Problem details | If a line includes "open", copy it out of the entries.

The input |

(* Let $\mathcal A$ be finite, $r,\hat r:\mathcal A\to[0,1]$ with $r(a)\ge\hat r(a)$ for all $a\in\mathcal A$, $\eta>0$, and $\pi^{\mathrm{ref}}\in\Delta(\mathcal A)$ with $\pi^{\mathrm{ref}}(a)>0$ for all $a$. If $\hat\pi\in\arg\max_{\pi\in\Delta(\mathcal A)}J(\pi;\hat r)$, then $$\mathrm{SubOpt}(\hat\pi)=J(\pi^*;r)-J(\hat\pi;r)\le2\eta\sum_{a\in\mathcal A}\frac{\pi^*(a)^2}{\pi^{\mathrm{ref}}(a)}\big(r(a)-\hat r(a)\big)^2.$$
   Context: For $f:\mathcal A\to\mathbb R$, $J(\pi;f)=\sum_af(a)\pi(a)-\eta^{-1}\mathrm{KL}(\pi^{\mathrm{ref}}\|\pi)$, where $\mathrm{KL}(P\|Q)=\sum_aP(a)\log(P(a)/Q(a))$. $\pi^*$ denotes the (unique) maximizer of $J(\cdot;r)$ over $\Delta(\mathcal A)$. *)

theory Defs
  imports "HOL-Analysis.Analysis"
begin

definition prob_simplex :: "'a set \<Rightarrow> ('a \<Rightarrow> real) set" where
  "prob_simplex A = {p. (\<forall>a\<in>A. 0 \<le> p a) \<and> sum p A = 1}"

definition KL :: "'a set \<Rightarrow> ('a \<Rightarrow> real) \<Rightarrow> ('a \<Rightarrow> real) \<Rightarrow> ereal" where
  "KL A P Q = (if \<exists>a\<in>A. P a > 0 \<and> Q a = 0 then \<infinity>
               else ereal (\<Sum>a\<in>{a\<in>A. P a > 0}. P a * ln (P a / Q a)))"

definition Jobj :: "'a set \<Rightarrow> real \<Rightarrow> ('a \<Rightarrow> real) \<Rightarrow> ('a \<Rightarrow> real) \<Rightarrow> ('a \<Rightarrow> real) \<Rightarrow> ereal" where
  "Jobj A \<eta> piref f p = ereal (\<Sum>a\<in>A. f a * p a) - KL A piref p / ereal \<eta>"

definition is_maximizer :: "'a set \<Rightarrow> real \<Rightarrow> ('a \<Rightarrow> real) \<Rightarrow> ('a \<Rightarrow> real) \<Rightarrow> ('a \<Rightarrow> real) \<Rightarrow> bool" where
  "is_maximizer A \<eta> piref f p \<longleftrightarrow>
     p \<in> prob_simplex A \<and> (\<forall>q\<in>prob_simplex A. Jobj A \<eta> piref f q \<le> Jobj A \<eta> piref f p)"

end

theory Submission
  imports Defs
begin

(* A maximizer of J(.; f) is strictly positive, because KL(piref || p) is infinite as soon as p
   vanishes somewhere; so J is differentiable at pihat, and first-order optimality of pihat for rhat
   gives, for every q in the simplex, the variational inequality
     sum_a rhat a (q a - pihat a) + (1/eta) sum_a piref a (q a - pihat a) / pihat a <= 0.
   J(q; r) - J(pihat; r) is this quantity plus
     sum_a [(r a - rhat a)(q a - pihat a) - (piref a / eta) phi (q a / pihat a)],
   with phi s = s - 1 - ln s.  With w = sqrt (q a / pihat a) one has phi (w^2) >= (w - 1)^2, and AM-GM
   bounds each bracket by eta (q a)^2 (r a - rhat a)^2 / piref a.  So the bound holds for every
   comparator q, with eta in place of 2 eta. *)

definition Jreal :: "'a set \<Rightarrow> real \<Rightarrow> ('a \<Rightarrow> real) \<Rightarrow> ('a \<Rightarrow> real) \<Rightarrow> ('a \<Rightarrow> real) \<Rightarrow> real" where
  "Jreal A \<eta> piref f p = (\<Sum>a\<in>A. f a * p a) - (\<Sum>a\<in>A. piref a * ln (piref a / p a)) / \<eta>"

lemma Jobj_eq_Jreal:
  assumes "\<eta> > 0" "\<forall>a\<in>A. piref a > 0" "\<forall>a\<in>A. p a > 0"
  shows "Jobj A \<eta> piref f p = ereal (Jreal A \<eta> piref f p)"
proof -
  have "{a\<in>A. piref a > 0} = A"
    using assms by auto
  then show ?thesis
    using assms unfolding Jobj_def KL_def Jreal_def by auto
qed

lemma Jobj_eq_MInfty:
  assumes "\<eta> > 0" "a \<in> A" "piref a > 0" "p a = 0"
  shows "Jobj A \<eta> piref f p = -\<infinity>"
  using assms unfolding Jobj_def KL_def by auto

lemma prob_simplex_segment:
  assumes "p \<in> prob_simplex A" "q \<in> prob_simplex A" "0 \<le> t" "t \<le> 1"
  shows "(\<lambda>a. p a + t * (q a - p a)) \<in> prob_simplex A"
proof -
  have "p a + t * (q a - p a) = (1 - t) * p a + t * q a" for a
    by (simp add: algebra_simps)
  moreover have "sum (\<lambda>a. (1 - t) * p a + t * q a) A = 1"
    using assms by (simp add: prob_simplex_def sum.distrib sum_distrib_left[symmetric])
  ultimately show ?thesis
    using assms by (auto simp: prob_simplex_def)
qed

lemma segment_pos:
  fixes x y t :: real
  assumes "x > 0" "y \<ge> 0" "0 \<le> t" "t < 1"
  shows "x + t * (y - x) > 0"
proof -
  have "x + t * (y - x) = (1 - t) * x + t * y"
    by (simp add: algebra_simps)
  then show ?thesis
    using assms by (simp add: add_pos_nonneg)
qed

lemma is_maximizer_pos:
  assumes "\<eta> > 0" "piref \<in> prob_simplex A" "\<forall>a\<in>A. piref a > 0" "is_maximizer A \<eta> piref f p"
    and "a \<in> A"
  shows "p a > 0"
proof -
  have "p a \<ge> 0" "Jobj A \<eta> piref f piref \<le> Jobj A \<eta> piref f p"
    using assms unfolding is_maximizer_def prob_simplex_def by auto
  moreover have "Jobj A \<eta> piref f piref \<noteq> -\<infinity>"
    using Jobj_eq_Jreal[of \<eta> A piref piref f] assms by simp
  ultimately show ?thesis
    using Jobj_eq_MInfty[of \<eta> a A piref p f] assms by fastforce
qed

lemma DERIV_Jreal_segment:
  assumes "\<eta> > 0" "\<forall>a\<in>A. piref a > 0" "\<forall>a\<in>A. p a > 0"
  shows "((\<lambda>t. Jreal A \<eta> piref f (\<lambda>a. p a + t * (q a - p a))) has_real_derivative
           (\<Sum>a\<in>A. f a * (q a - p a)) + (\<Sum>a\<in>A. piref a * (q a - p a) / p a) / \<eta>) (at 0)"
proof -
  have "((\<lambda>t. f a * (p a + t * (q a - p a)) - piref a * ln (piref a / (p a + t * (q a - p a))) / \<eta>)
          has_real_derivative f a * (q a - p a) + piref a * (q a - p a) / p a / \<eta>) (at 0)"
    if "a \<in> A" for a
  proof -
    have "p a > 0" "piref a > 0"
      using assms(2,3) that by auto
    with \<open>\<eta> > 0\<close> show ?thesis
      by (auto intro!: derivative_eq_intros)
  qed
  then have "((\<lambda>t. \<Sum>a\<in>A. f a * (p a + t * (q a - p a)) - piref a * ln (piref a / (p a + t * (q a - p a))) / \<eta>)
          has_real_derivative (\<Sum>a\<in>A. f a * (q a - p a) + piref a * (q a - p a) / p a / \<eta>)) (at 0)"
    by (rule DERIV_sum)
  then show ?thesis
    by (simp add: Jreal_def sum_subtractf sum_divide_distrib sum.distrib)
qed

lemma sq_sqrt_sub_one_le:
  fixes s :: real
  assumes "s > 0"
  shows "(sqrt s - 1)\<^sup>2 \<le> s - 1 - ln s"
proof -
  have "ln (sqrt s) \<le> sqrt s - 1"
    using assms by (intro ln_le_minus_one) simp
  moreover have "ln s = 2 * ln (sqrt s)"
    using assms by (simp add: ln_sqrt)
  moreover have "(sqrt s - 1)\<^sup>2 = s - 2 * sqrt s + 1"
    using assms by (simp add: power2_diff)
  ultimately show ?thesis
    by linarith
qed

lemma mult_le_weighted_sq_add:
  fixes u v c :: real
  assumes "c > 0"
  shows "u * v \<le> c * u\<^sup>2 + v\<^sup>2 / (4 * c)"
proof -
  have "0 \<le> (2 * c * u - v)\<^sup>2 / (4 * c)"
    using assms by simp
  then show ?thesis
    using assms by (simp add: field_simps power2_eq_square)
qed

lemma gain_sub_divergence_le:
  fixes x y c D :: real
  assumes "x > 0" "y > 0" "c > 0" "D \<ge> 0"
  shows "D * (x - y) - c * (x / y - 1 - ln (x / y)) \<le> x\<^sup>2 * D\<^sup>2 / c"
proof (cases "x \<le> y")
  case True
  have "ln (x / y) \<le> x / y - 1"
    using assms by (intro ln_le_minus_one) simp
  then have "c * (x / y - 1 - ln (x / y)) \<ge> 0"
    using assms by simp
  moreover have "D * (x - y) \<le> 0"
    using True assms by (simp add: mult_nonneg_nonpos)
  moreover have "x\<^sup>2 * D\<^sup>2 / c \<ge> 0"
    using assms by simp
  ultimately show ?thesis
    by linarith
next
  case False
  define a b where "a = sqrt x" and "b = sqrt y"
  have ab: "a > 0" "b > 0" "b < a" "x = a\<^sup>2" "y = b\<^sup>2"
    using assms False by (auto simp: a_def b_def)
  define u v where "u = sqrt (x / y) - 1" and "v = D * (a + b) * b"
  have u_le: "c * u\<^sup>2 \<le> c * (x / y - 1 - ln (x / y))"
    using assms sq_sqrt_sub_one_le[of "x / y"] by (simp add: u_def)
  have "(a + b) * b \<le> (a + a) * a"
    using ab by (intro mult_mono) auto
  then have "((a + b) * b)\<^sup>2 \<le> (2 * a\<^sup>2)\<^sup>2"
    using ab by (intro power_mono) (auto simp: power2_eq_square)
  then have "D\<^sup>2 * ((a + b) * b)\<^sup>2 / (4 * c) \<le> D\<^sup>2 * (2 * a\<^sup>2)\<^sup>2 / (4 * c)"
    using assms by (intro divide_right_mono mult_left_mono) auto
  then have v_le: "v\<^sup>2 / (4 * c) \<le> x\<^sup>2 * D\<^sup>2 / c"
    using ab assms by (simp add: v_def power_mult_distrib field_simps power2_eq_square)
  have "sqrt (x / y) = a / b"
    by (simp add: a_def b_def real_sqrt_divide)
  then have "D * (x - y) = u * v"
    using ab by (simp add: u_def v_def field_simps power2_eq_square)
  also have "\<dots> \<le> c * u\<^sup>2 + v\<^sup>2 / (4 * c)"
    using \<open>c > 0\<close> by (rule mult_le_weighted_sq_add)
  finally show ?thesis
    using u_le v_le by linarith
qed

lemma is_maximizer_variational_ineq:
  assumes "\<eta> > 0" "\<forall>a\<in>A. piref a > 0" "is_maximizer A \<eta> piref f p" "\<forall>a\<in>A. p a > 0"
    and "q \<in> prob_simplex A"
  shows "(\<Sum>a\<in>A. f a * (q a - p a)) + (\<Sum>a\<in>A. piref a * (q a - p a) / p a) / \<eta> \<le> 0"
    (is "?S \<le> 0")
proof (rule ccontr)
  have p: "p \<in> prob_simplex A"
    using assms(3) unfolding is_maximizer_def by simp
  have p_max: "Jobj A \<eta> piref f q' \<le> Jobj A \<eta> piref f p" if "q' \<in> prob_simplex A" for q'
    using assms(3) that unfolding is_maximizer_def by simp
  define g where "g t = Jreal A \<eta> piref f (\<lambda>a. p a + t * (q a - p a))" for t
  assume "\<not> ?S \<le> 0"
  then have "?S > 0"
    by linarith
  moreover have "(g has_real_derivative ?S) (at 0)"
    unfolding g_def using assms(1,2,4) by (rule DERIV_Jreal_segment)
  ultimately have "\<exists>d > 0. \<forall>h > 0. h < d \<longrightarrow> g 0 < g (0 + h)"
    by (intro DERIV_pos_inc_right)
  then obtain d where "d > 0" and g_inc: "\<And>h. 0 < h \<Longrightarrow> h < d \<Longrightarrow> g 0 < g h"
    by auto
  define h where "h = min (d / 2) (1 / 2)"
  have h: "0 < h" "h < d" "h < 1"
    using \<open>d > 0\<close> by (auto simp: h_def)
  let ?ph = "\<lambda>a. p a + h * (q a - p a)"
  have "?ph \<in> prob_simplex A"
    using p assms(5) h by (intro prob_simplex_segment) auto
  then have "Jobj A \<eta> piref f ?ph \<le> Jobj A \<eta> piref f p"
    by (rule p_max)
  moreover have "\<forall>a\<in>A. ?ph a > 0"
  proof
    fix a
    assume "a \<in> A"
    then have "p a > 0" "q a \<ge> 0"
      using assms(4,5) by (auto simp: prob_simplex_def)
    with h show "?ph a > 0"
      by (intro segment_pos) auto
  qed
  ultimately have "Jreal A \<eta> piref f ?ph \<le> Jreal A \<eta> piref f p"
    using Jobj_eq_Jreal[OF assms(1,2)] assms(4) by simp
  then have "g h \<le> g 0"
    by (simp add: g_def)
  moreover have "g 0 < g h"
    using g_inc h(1,2) .
  ultimately show False
    by linarith
qed

lemma Jreal_diff_eq:
  assumes "\<eta> > 0" "\<forall>a\<in>A. piref a > 0" "\<forall>a\<in>A. p a > 0" "\<forall>a\<in>A. q a > 0"
  shows "Jreal A \<eta> piref g q - Jreal A \<eta> piref g p =
           ((\<Sum>a\<in>A. f a * (q a - p a)) + (\<Sum>a\<in>A. piref a * (q a - p a) / p a) / \<eta>)
         + (\<Sum>a\<in>A. (g a - f a) * (q a - p a) - piref a / \<eta> * (q a / p a - 1 - ln (q a / p a)))"
proof -
  have term_eq: "g a * q a - g a * p a - (piref a * ln (piref a / q a) - piref a * ln (piref a / p a)) / \<eta>
      = f a * (q a - p a) + piref a * (q a - p a) / p a / \<eta>
        + ((g a - f a) * (q a - p a) - piref a / \<eta> * (q a / p a - 1 - ln (q a / p a)))"
    if "a \<in> A" for a
  proof -
    have pos: "piref a > 0" "p a > 0" "q a > 0"
      using assms(2-4) that by auto
    then have ln_diff: "piref a * ln (piref a / q a) - piref a * ln (piref a / p a) = - (piref a * ln (q a / p a))"
      by (simp add: ln_div algebra_simps)
    show ?thesis
      unfolding ln_diff using pos \<open>\<eta> > 0\<close> by (simp add: field_simps)
  qed
  have "Jreal A \<eta> piref g q - Jreal A \<eta> piref g p
      = (\<Sum>a\<in>A. g a * q a - g a * p a - (piref a * ln (piref a / q a) - piref a * ln (piref a / p a)) / \<eta>)"
    by (simp add: Jreal_def sum_subtractf diff_divide_distrib sum_divide_distrib)
  also have "\<dots> = (\<Sum>a\<in>A. f a * (q a - p a) + piref a * (q a - p a) / p a / \<eta>
           + ((g a - f a) * (q a - p a) - piref a / \<eta> * (q a / p a - 1 - ln (q a / p a))))"
    using term_eq by (rule sum.cong[OF refl])
  finally show ?thesis
    by (simp add: sum.distrib sum_divide_distrib)
qed

lemma Jobj_sub_maximizer_le:
  assumes "\<eta> > 0" "piref \<in> prob_simplex A" "\<forall>a\<in>A. piref a > 0" "\<forall>a\<in>A. f a \<le> g a"
    and "is_maximizer A \<eta> piref f p" "q \<in> prob_simplex A"
  shows "Jobj A \<eta> piref g q - Jobj A \<eta> piref g p
           \<le> ereal (\<eta> * (\<Sum>a\<in>A. (q a)\<^sup>2 / piref a * (g a - f a)\<^sup>2))"
proof -
  have p_pos: "\<forall>a\<in>A. p a > 0"
    using is_maximizer_pos[OF assms(1,2,3,5)] by blast
  show ?thesis
  proof (cases "\<forall>a\<in>A. q a > 0")
    case False
    then obtain a where "a \<in> A" "q a = 0"
      using assms(6) by (force simp: prob_simplex_def)
    then have "Jobj A \<eta> piref g q = -\<infinity>"
      using assms(1,3) by (intro Jobj_eq_MInfty) auto
    then show ?thesis
      using Jobj_eq_Jreal[OF assms(1,3) p_pos] by simp
  next
    case True
    have "Jreal A \<eta> piref g q - Jreal A \<eta> piref g p
        \<le> (\<Sum>a\<in>A. (g a - f a) * (q a - p a) - piref a / \<eta> * (q a / p a - 1 - ln (q a / p a)))"
      using Jreal_diff_eq[OF assms(1,3) p_pos True, of g f]
        is_maximizer_variational_ineq[OF assms(1,3,5) p_pos assms(6)] by linarith
    also have "\<dots> \<le> (\<Sum>a\<in>A. \<eta> * ((q a)\<^sup>2 / piref a * (g a - f a)\<^sup>2))"
    proof (rule sum_mono)
      fix a
      assume "a \<in> A"
      then have "q a > 0" "p a > 0" "piref a / \<eta> > 0" "g a - f a \<ge> 0"
        using True p_pos assms(1,3,4) by auto
      then have "(g a - f a) * (q a - p a) - piref a / \<eta> * (q a / p a - 1 - ln (q a / p a))
          \<le> (q a)\<^sup>2 * (g a - f a)\<^sup>2 / (piref a / \<eta>)"
        by (rule gain_sub_divergence_le)
      then show "(g a - f a) * (q a - p a) - piref a / \<eta> * (q a / p a - 1 - ln (q a / p a))
          \<le> \<eta> * ((q a)\<^sup>2 / piref a * (g a - f a)\<^sup>2)"
        by (simp add: field_simps)
    qed
    also have "\<dots> = \<eta> * (\<Sum>a\<in>A. (q a)\<^sup>2 / piref a * (g a - f a)\<^sup>2)"
      by (simp add: sum_distrib_left)
    finally show ?thesis
      using Jobj_eq_Jreal[OF assms(1,3) p_pos] Jobj_eq_Jreal[OF assms(1,3) True] by simp
  qed
qed

theorem lemma5p5:
  fixes A :: "'a set" and r rhat piref pistar pihat :: "'a \<Rightarrow> real" and \<eta> :: real
  assumes "finite A"
    and "\<forall>a\<in>A. 0 \<le> r a \<and> r a \<le> 1"
    and "\<forall>a\<in>A. 0 \<le> rhat a \<and> rhat a \<le> 1"
    and "\<forall>a\<in>A. rhat a \<le> r a"
    and "\<eta> > 0"
    and "piref \<in> prob_simplex A" and "\<forall>a\<in>A. piref a > 0"
    and "is_maximizer A \<eta> piref r pistar"
    and "is_maximizer A \<eta> piref rhat pihat"
  shows "Jobj A \<eta> piref r pistar - Jobj A \<eta> piref r pihat
         \<le> ereal (2 * \<eta> * (\<Sum>a\<in>A. (pistar a)\<^sup>2 / piref a * (r a - rhat a)\<^sup>2))"
proof -
  let ?S = "\<Sum>a\<in>A. (pistar a)\<^sup>2 / piref a * (r a - rhat a)\<^sup>2"
  have S_nonneg: "?S \<ge> 0"
    using assms(7) by (intro sum_nonneg) auto
  have "pistar \<in> prob_simplex A"
    using assms(8) by (simp add: is_maximizer_def)
  then have "Jobj A \<eta> piref r pistar - Jobj A \<eta> piref r pihat \<le> ereal (\<eta> * ?S)"
    using assms(4-7,9) by (intro Jobj_sub_maximizer_le) auto
  also have "\<dots> \<le> ereal (2 * \<eta> * ?S)"
    using S_nonneg assms(5) by simp
  finally show ?thesis .
qed

end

Solution for this task |
    with \<open>\<eta> > 0\<close> show ?thesis
    using \<open>c > 0\<close> by (rule mult_le_weighted_sq_add)
    using \<open>d > 0\<close> by (auto simp: h_def)
      unfolding ln_diff using pos \<open>\<eta> > 0\<close> by (simp add: field_simps)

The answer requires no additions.